▸ Excerpts from a dataset:
....
(* Let $\beta$ be an action of a finite abelian group $H$ on a $C^*$-algebra $A$, and let $p^\beta=\frac{1}{|H|}\sum_{h\in H}u_h\in M(A\rtimes_\beta H)$. Then there is a $^*$-isomorphism $$\psi\colon A\to p^\beta(A\rtimes_\beta H\rtimes_{\widehat\beta}\widehat H)p^\beta$$ satisfying $\psi(A^H)=p^\beta(A\rtimes_\beta H)p^\beta$; thus the inclusions $A^H\subseteq A$ and $p^\beta(A\rtimes_\beta H)p^\beta\subseteq p^\beta(A\rtimes_\beta H\rtimes_{\widehat\beta}\widehat H)p^\beta$ are isomorphic. Moreover, for each subgroup $L\subseteq H$, $\psi(A^L)=p^\beta(A\rtimes_\beta H\rtimes_{\widehat\beta}L^\perp)p^\beta$.
   Context: $u\colon H\to UM(A\rtimes_\beta H)$ is the canonical unitary representation implementing $\beta$; $p^\beta$ is viewed also as a multiplier of $A\rtimes_\beta H\rtimes_{\widehat\beta}\widehat H$. $\widehat\beta$ is the dual action of $\widehat H$ on $A\rtimes_\beta H$, $\widehat\beta_x(\sum_h a_hu_h)=\sum_h\overline{\langle h,x\rangle}a_hu_h$. $A^L$ denotes the fixed-point algebra of $\beta|_L$, $L^\perp=\{x\in\widehat H:\langle l,x\rangle=1\ \forall l\in L\}$, and $A\rtimes_\beta H\rtimes_{\widehat\beta}L^\perp$ is viewed as a subalgebra of $A\rtimes_\beta H\rtimes_{\widehat\beta}\widehat H$ canonically. Two inclusions $B_1\subseteq A_1$, $B_2\subseteq A_2$ are isomorphic if there is a $^*$-isomorphism $\phi\colon A_1\to A_2$ with $\phi(B_1)=B_2$. *)

theory Defs
  imports Complex_Main "HOL-Algebra.Group" "HOL-Library.Function_Algebras"
begin

section \<open>C*-algebras (possibly non-unital), given by a complex scalar multiplication and an involution\<close>

definition cstar_algebra ::
  "('a::{real_normed_algebra,banach} \<Rightarrow> 'a) \<Rightarrow> (complex \<Rightarrow> 'a \<Rightarrow> 'a) \<Rightarrow> bool" where
  "cstar_algebra st sm \<longleftrightarrow>
     (\<forall>c x y. sm c (x + y) = sm c x + sm c y) \<and>
     (\<forall>c d x. sm (c + d) x = sm c x + sm d x) \<and>
     (\<forall>c d x. sm (c * d) x = sm c (sm d x)) \<and>
     (\<forall>r x. sm (complex_of_real r) x = r *\<^sub>R x) \<and>
     (\<forall>c x y. sm c (x * y) = sm c x * y \<and> sm c (x * y) = x * sm c y) \<and>
     (\<forall>c x. norm (sm c x) = cmod c * norm x) \<and>
     (\<forall>x. st (st x) = x) \<and>
     (\<forall>x y. st (x + y) = st x + st y) \<and>
     (\<forall>c x. st (sm c x) = sm (cnj c) (st x)) \<and>
     (\<forall>x y. st (x * y) = st y * st x) \<and>
     (\<forall>x. norm (st x * x) = (norm x)\<^sup>2)"

definition star_automorphism ::
  "('a::{real_normed_algebra,banach} \<Rightarrow> 'a) \<Rightarrow> (complex \<Rightarrow> 'a \<Rightarrow> 'a) \<Rightarrow> ('a \<Rightarrow> 'a) \<Rightarrow> bool" where
  "star_automorphism st sm \<phi> \<longleftrightarrow> bij \<phi> \<and>
     (\<forall>x y. \<phi> (x + y) = \<phi> x + \<phi> y) \<and>
     (\<forall>x y. \<phi> (x * y) = \<phi> x * \<phi> y) \<and>
     (\<forall>c x. \<phi> (sm c x) = sm c (\<phi> x)) \<and>
     (\<forall>x. \<phi> (st x) = st (\<phi> x))"
lemma history_event_pattern_ge:
  "prod_list (map min_prob cs) * measure M (history_event n P)
     \<le> measure M {\<omega> \<in> history_event n P. \<forall>i<length cs. b (n + i) \<omega> = cs ! i}"
proof (induction cs arbitrary: n P)
  case Nil
  then show ?case by simp
next
  case (Cons c cs)
  define P' where "P' zs \<longleftrightarrow> P (butlast zs) \<and> last zs = c" for zs
  have extend: "history_event (Suc n) P' = {\<omega> \<in> history_event n P. b n \<omega> = c}"
    by (auto simp: history_event_def P'_def history_Suc)
  have "prod_list (map min_prob (c # cs)) * measure M (history_event n P)
          = prod_list (map min_prob cs) * (min_prob c * measure M (history_event n P))"
    by simp
  also have "\<dots> \<le> prod_list (map min_prob cs) * measure M (history_event (Suc n) P')"
    unfolding extend using history_event_bit_ge min_prob_pos
    by (intro mult_left_mono prod_list_nonneg) (auto intro: less_imp_le)
  also have "\<dots> \<le> measure M {\<omega> \<in> history_event (Suc n) P'. \<forall>i<length cs. b (Suc n + i) \<omega> = cs ! i}"
    by (rule Cons.IH)
  also have "\<dots> = measure M {\<omega> \<in> history_event n P. \<forall>i<length (c # cs). b (n + i) \<omega> = (c # cs) ! i}"
    unfolding extend by (simp add: All_less_Suc2 conj_ac)
  finally show ?case .
qed

end

definition seq_of :: "bool list \<Rightarrow> nat \<Rightarrow> bool" where
  "seq_of xs i \<longleftrightarrow> i < length xs \<and> xs ! i"

locale regeneration_chain = bit_process M b "step_prob v p r0" \<delta>1 \<delta>2
  for M :: "'a measure" and b v p \<delta>1 \<delta>2 r0 +
  assumes v_pos: "v \<ge> 1" and initial_one: "\<exists>i. r0 i"
begin

abbreviation bits :: "'a \<Rightarrow> nat \<Rightarrow> bool" where
  "bits \<omega> \<equiv> \<lambda>i. b i \<omega>"

definition pattern_prob :: real where
  "pattern_prob = (1 - \<delta>1) ^ (v - 1) * \<delta>2"

definition no_visit :: "nat \<Rightarrow> nat \<Rightarrow> 'a set" where
  "no_visit a c = {\<omega> \<in> space M. \<forall>t. a < t \<and> t \<le> c \<longrightarrow> Ystate v r0 (bits \<omega>) t \<noteq> y0 v}"

definition return_at :: "nat \<Rightarrow> nat \<Rightarrow> 'a set" where
  "return_at k a = {\<omega> \<in> space M. ret_time v r0 (bits \<omega>) k = enat a}"

definition late_return :: "nat \<Rightarrow> nat \<Rightarrow> 'a set" where
  "late_return k m = (\<Union>a. return_at k a \<inter> no_visit a (a + m))"

lemma prod_min_prob_y0: "prod_list (map min_prob (snd (y0 v))) = pattern_prob"
  by (simp add: y0_def min_prob_def pattern_prob_def prod_list_replicate)

lemma pattern_prob_pos: "0 < pattern_prob"
  using \<delta>2_pos \<delta>1_less_1 by (simp add: pattern_prob_def)

lemma pattern_prob_less_1: "pattern_prob < 1"
proof -
  have "(1 - \<delta>1) ^ (v - 1) \<le> 1"
    using \<delta>2_pos \<delta>1_less_1 s_bounds[of "[]"] by (auto intro: power_le_one)
  then have "pattern_prob \<le> \<delta>2"
    using \<delta>2_pos mult_right_mono[of _ 1 \<delta>2] by (simp add: pattern_prob_def)
  then show ?thesis
    using \<delta>1_less_1 s_bounds[of "[]"] by linarith
qed

lemma Ystate_seq_of_history:
  "t \<le> n \<Longrightarrow> Ystate v r0 (seq_of (history n \<omega>)) t = Ystate v r0 (bits \<omega>) t"
  by (rule Ystate_cong[OF initial_one]) (simp add: seq_of_def)

lemma history_event_inter_no_visit:
  assumes "n \<le> c"
  shows "history_event n P \<inter> no_visit a c =
    history_event c (\<lambda>zs. P (take n zs) \<and> (\<forall>t. a < t \<and> t \<le> c \<longrightarrow> Ystate v r0 (seq_of zs) t \<noteq> y0 v))"
  using assms by (auto simp: history_event_def no_visit_def take_history Ystate_seq_of_history)

lemma sets_no_visit [measurable]: "no_visit a c \<in> sets M"
proof -
  have "no_visit a c = history_event 0 (\<lambda>_. True) \<inter> no_visit a c"
    unfolding history_event_def no_visit_def by blast
  then show ?thesis
    by (simp add: history_event_inter_no_visit)
qed

lemma no_visit_one_block:
  "measure M (history_event n P \<inter> no_visit n (n + v)) \<le> (1 - pattern_prob) * measure M (history_event n P)"
proof -
  let ?A = "history_event n P"
  let ?S = "{\<omega> \<in> ?A. \<forall>i<v. b (n + i) \<omega> = snd (y0 v) ! i}"
  have "?A \<inter> no_visit n (n + v) \<subseteq> ?A - ?S"
  proof
    fix \<omega> assume \<omega>: "\<omega> \<in> ?A \<inter> no_visit n (n + v)"
    have "\<omega> \<notin> ?S"
    proof
      assume "\<omega> \<in> ?S"
      then have "Ystate v r0 (bits \<omega>) (n + v) = y0 v"
        by (intro Ystate_after_pattern[OF v_pos]) auto
      then show False
        using \<omega> v_pos by (auto simp: no_visit_def)
    qed
    then show "\<omega> \<in> ?A - ?S"
      using \<omega> by blast
  qed
  moreover have "?S \<subseteq> ?A"
    by blast
  moreover have "pattern_prob * measure M ?A \<le> measure M ?S"
    using history_event_pattern_ge[of "snd (y0 v)" n P] v_pos
    by (simp only: prod_min_prob_y0 length_snd_y0)
  ultimately show ?thesis
    using finite_measure_mono[of "?A \<inter> no_visit n (n + v)" "?A - ?S"]
    by (simp add: finite_measure_Diff left_diff_distrib)
qed

lemma no_visit_bound:
  "measure M (history_event n P \<inter> no_visit n (n + v * j))
     \<le> (1 - pattern_prob) ^ j * measure M (history_event n P)"
proof (induction j arbitrary: n P)
  case 0
  have "history_event n P \<inter> no_visit n n = history_event n P"
    by (auto simp: history_event_def no_visit_def)
  then show ?case
    by simp
next
  case (Suc j)
  define P' where "P' =
    (\<lambda>zs. P (take n zs) \<and> (\<forall>t. n < t \<and> t \<le> n + v \<longrightarrow> Ystate v r0 (seq_of zs) t \<noteq> y0 v))"
  have first_block: "history_event (n + v) P' = history_event n P \<inter> no_visit n (n + v)"
    by (simp add: P'_def history_event_inter_no_visit)
  have "history_event n P \<inter> no_visit n (n + v * Suc j)
          = history_event (n + v) P' \<inter> no_visit (n + v) (n + v + v * j)"
    unfolding first_block by (auto simp: no_visit_def add.assoc) (metis add.assoc not_le)
  then have "measure M (history_event n P \<inter> no_visit n (n + v * Suc j))
               \<le> (1 - pattern_prob) ^ j * measure M (history_event (n + v) P')"
    using Suc.IH[of "n + v" P'] by simp
  also have "\<dots> \<le> (1 - pattern_prob) ^ j * ((1 - pattern_prob) * measure M (history_event n P))"
    unfolding first_block using pattern_prob_less_1
    by (intro mult_left_mono no_visit_one_block) simp
  finally show ?case
    by (simp add: mult_ac)
qed
(* Let $(\mathsf{X},\mu)$, $(\mathsf{Y},\nu)$ be Polish probability spaces, $c:\mathsf{X}\times\mathsf{Y}\to[0,\infty)$ continuous, $\pi_\varepsilon$ the $(c,\varepsilon)$-cyclically invariant coupling for each $\varepsilon>0$ (assumed to exist), and assume $\pi_\varepsilon\to\pi_*$ weakly as $\varepsilon\to0$ for some $\pi_*\in\Pi(\mu,\nu)$. Let $\Gamma:=\operatorname{spt}\pi_*$, $\mathsf{X}_0:=\operatorname{proj}_{\mathsf{X}}\Gamma$, $\mathsf{Y}_0:=\operatorname{proj}_{\mathsf{Y}}\Gamma$, and assume that for any $c$-convex functions $\psi_1,\psi_2$ on $\mathsf{X}$ with $\Gamma\subset\partial_c\psi_i$ ($i=1,2$), $\psi_1-\psi_2$ is constant on $\mathsf{X}_0$. Then for any open set $U\subset\mathsf{X}_0\times\mathsf{Y}_0$, $$\liminf_{\varepsilon\to0}\varepsilon\log\pi_\varepsilon(U)\ge-\inf_{(x,y)\in U}I(x,y).$$
   Context: $\Pi(\mu,\nu)$ is the set of couplings of $\mu,\nu$ and $P:=\mu\otimes\nu$. A coupling $\pi$ is $(c,\varepsilon)$-cyclically invariant if $\pi\sim P$ and its density admits a version $\frac{d\pi}{dP}:\mathsf{X}\times\mathsf{Y}\to(0,\infty)$ with $\prod_{i=1}^k\frac{d\pi}{dP}(x_i,y_i)=\exp\big(-\frac1\varepsilon[\sum_{i=1}^k c(x_i,y_i)-\sum_{i=1}^k c(x_i,y_{i+1})]\big)\prod_{i=1}^k\frac{d\pi}{dP}(x_i,y_{i+1})$ for all $k$ and points, $y_{k+1}:=y_1$. A proper $\psi:\mathsf{X}\to(-\infty,\infty]$ is $c$-convex if $\psi(x)=\sup_{y}[\zeta(y)-c(x,y)]$ for some $\zeta:\mathsf{Y}\to[-\infty,\infty]$; $\psi^c(y):=\inf_x[\psi(x)+c(x,y)]$ and $\partial_c\psi=\{(x,y):\psi^c(y)-\psi(x)=c(x,y)\}$. The function $I$ is $I(x,y):=\sup_{k\ge2}\sup_{(x_i,y_i)_{i=2}^k\subset\Gamma}\sup_{\sigma\in\Sigma(k)}\sum_{i=1}^k c(x_i,y_i)-\sum_{i=1}^k c(x_i,y_{\sigma(i)})$ with $(x_1,y_1):=(x,y)$ and $\Sigma(k)$ the permutations of $\{1,\dots,k\}$. Topology on $\mathsf{X}_0\times\mathsf{Y}_0$ is the relative one. *)

theory Defs
  imports "HOL-Probability.Probability"
begin

definition coupling :: "'a measure \<Rightarrow> 'b measure \<Rightarrow> ('a \<times> 'b) measure \<Rightarrow> bool" where
  "coupling \<mu> \<nu> \<pi> \<longleftrightarrow> prob_space \<pi> \<and> sets \<pi> = sets (\<mu> \<Otimes>\<^sub>M \<nu>) \<and>
     distr \<pi> \<mu> fst = \<mu> \<and> distr \<pi> \<nu> snd = \<nu>"

definition cyc_inv_coupling ::
  "('a \<Rightarrow> 'b \<Rightarrow> real) \<Rightarrow> real \<Rightarrow> 'a measure \<Rightarrow> 'b measure \<Rightarrow> ('a \<times> 'b) measure \<Rightarrow> bool" where
  "cyc_inv_coupling c \<epsilon> \<mu> \<nu> \<pi> \<longleftrightarrow> coupling \<mu> \<nu> \<pi> \<and>
     absolutely_continuous (\<mu> \<Otimes>\<^sub>M \<nu>) \<pi> \<and> absolutely_continuous \<pi> (\<mu> \<Otimes>\<^sub>M \<nu>) \<and>
     (\<exists>f :: 'a \<times> 'b \<Rightarrow> real. f \<in> borel_measurable (\<mu> \<Otimes>\<^sub>M \<nu>) \<and> (\<forall>z. 0 < f z) \<and>
        \<pi> = density (\<mu> \<Otimes>\<^sub>M \<nu>) (\<lambda>z. ennreal (f z)) \<and>
        (\<forall>(k::nat) (x::nat \<Rightarrow> 'a) (y::nat \<Rightarrow> 'b). k \<ge> 1 \<longrightarrow>
           (\<Prod>i<k. f (x i, y i)) =
             exp (- (1 / \<epsilon>) * ((\<Sum>i<k. c (x i) (y i)) - (\<Sum>i<k. c (x i) (y ((i + 1) mod k)))))
             * (\<Prod>i<k. f (x i, y ((i + 1) mod k)))))"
....
Give the exact lines, and only those, from the line containing "proof (induction cs arbitrary: n P)" through the line containing "p \<delta>1 \<delta>2 r0 +" in the entries above.

▸ TASK SOLUTION:
proof (induction cs arbitrary: n P)
  case Nil
  then show ?case by simp
next
  case (Cons c cs)
  define P' where "P' zs \<longleftrightarrow> P (butlast zs) \<and> last zs = c" for zs
  have extend: "history_event (Suc n) P' = {\<omega> \<in> history_event n P. b n \<omega> = c}"
    by (auto simp: history_event_def P'_def history_Suc)
  have "prod_list (map min_prob (c # cs)) * measure M (history_event n P)
          = prod_list (map min_prob cs) * (min_prob c * measure M (history_event n P))"
    by simp
  also have "\<dots> \<le> prod_list (map min_prob cs) * measure M (history_event (Suc n) P')"
    unfolding extend using history_event_bit_ge min_prob_pos
    by (intro mult_left_mono prod_list_nonneg) (auto intro: less_imp_le)
  also have "\<dots> \<le> measure M {\<omega> \<in> history_event (Suc n) P'. \<forall>i<length cs. b (Suc n + i) \<omega> = cs ! i}"
    by (rule Cons.IH)
  also have "\<dots> = measure M {\<omega> \<in> history_event n P. \<forall>i<length (c # cs). b (n + i) \<omega> = (c # cs) ! i}"
    unfolding extend by (simp add: All_less_Suc2 conj_ac)
  finally show ?case .
qed

end

definition seq_of :: "bool list \<Rightarrow> nat \<Rightarrow> bool" where
  "seq_of xs i \<longleftrightarrow> i < length xs \<and> xs ! i"

locale regeneration_chain = bit_process M b "step_prob v p r0" \<delta>1 \<delta>2
  for M :: "'a measure" and b v p \<delta>1 \<delta>2 r0 +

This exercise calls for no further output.